What Is the Impact of a Ferris Wheel's Motion on Apparent Weight?

[brutalmadness]

Homework Statement

The apparent weight a person feels is the normal force that acts on the person. Suppose a Ferris Wheel has a diameter of 28.om and makes one revolution every 13.3 seconds. What is the ratio of a person's apparent weight to real weight a) at the top and b) at the bottom.

Homework Equations

Fn=m(v^2/r)

The Attempt at a Solution

First I found the circumference. C=$$\pi$$196
C=615.7521601
I can get the velocity by dividing that by 13.3.
v=46.2971549 m/s

So, I can then make my ratio comparison.
At top: Fn/m=2143.426552/14
At bottom: Fn/m=2143.426552/14+9.8

1) Am I working the solution out correctly?
2) How should I make my comparison? Should I leave it all in variables Fn/m=v^2/r? Leave it like I have it above? Or completely work it out Fn/m=153.1018966

 

[Bill Foster]

Homework Statement

The apparent weight a person feels is the normal force that acts on the person. Suppose a Ferris Wheel has a diameter of 28.om and makes one revolution every 13.3 seconds. What is the ratio of a person's apparent weight to real weight a) at the top and b) at the bottom.
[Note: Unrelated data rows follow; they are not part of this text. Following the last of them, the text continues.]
(* Let $\mathcal{A}=\langle Q,\{a,b\}\rangle$ be a synchronizing complete deterministic finite automaton with $|Q|=n$ states and two input letters $a,b$, and suppose that the letter $a$ is a simple idempotent. Then $\mathcal{A}$ has a reset word of length at most $(n-1)^2$, i.e., $\operatorname{rt}(\mathcal{A})\le (n-1)^2$.
   Context: A complete deterministic finite automaton (DFA) $\langle Q,\Sigma\rangle$ consists of a finite non-empty state set $Q$, a finite non-empty input alphabet $\Sigma$, and a transition function $Q\times\Sigma\to Q$, $(q,c)\mapsto q\cdot c$, extended to words by $q\cdot\varepsilon=q$ and $q\cdot(wc)=(q\cdot w)\cdot c$. For $P\subseteq Q$ and a word $w$, $P\cdot w=\{p\cdot w\mid p\in P\}$. A word $w\in\Sigma^*$ is a reset word if $|Q\cdot w|=1$; the DFA is synchronizing if it has a reset word, and its reset threshold $\operatorname{rt}(\mathcal{A})$ is the minimum length of a reset word. A letter $a$ is a simple idempotent if $|Q\setminus Q\cdot a|=1$ and $q\cdot a=q\cdot a^2$ for all $q\in Q$. *)

theory Defs
  imports Main
begin

definition is_dfa :: "'q set \<Rightarrow> 'c set \<Rightarrow> ('q \<Rightarrow> 'c \<Rightarrow> 'q) \<Rightarrow> bool" where
  "is_dfa Q S delta \<longleftrightarrow> finite Q \<and> Q \<noteq> {} \<and> finite S \<and> S \<noteq> {} \<and>
     (\<forall>q\<in>Q. \<forall>c\<in>S. delta q c \<in> Q)"

definition delta_word :: "('q \<Rightarrow> 'c \<Rightarrow> 'q) \<Rightarrow> 'q \<Rightarrow> 'c list \<Rightarrow> 'q" where
  "delta_word delta q w = foldl delta q w"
The person's weight will always be $$W=mg$$, top or bottom.

However, the person will always be accelerating towards the center of the wheel, and therefore there will be a force counteracting that in the opposite direction. At the top of the wheel, it will be up. At the bottom, down.

That force is $$ma=m\frac{v^2}{r}=m4\pi^2 \nu^2 r$$

 

[azatkgz]

Is your diameter 196m or 28.0m?

 

[brutalmadness]

28.0m. But, C=pir^2. So it'd be pi14^2.

 

[azatkgz]

$$v=\frac{2\pi r}{t}$$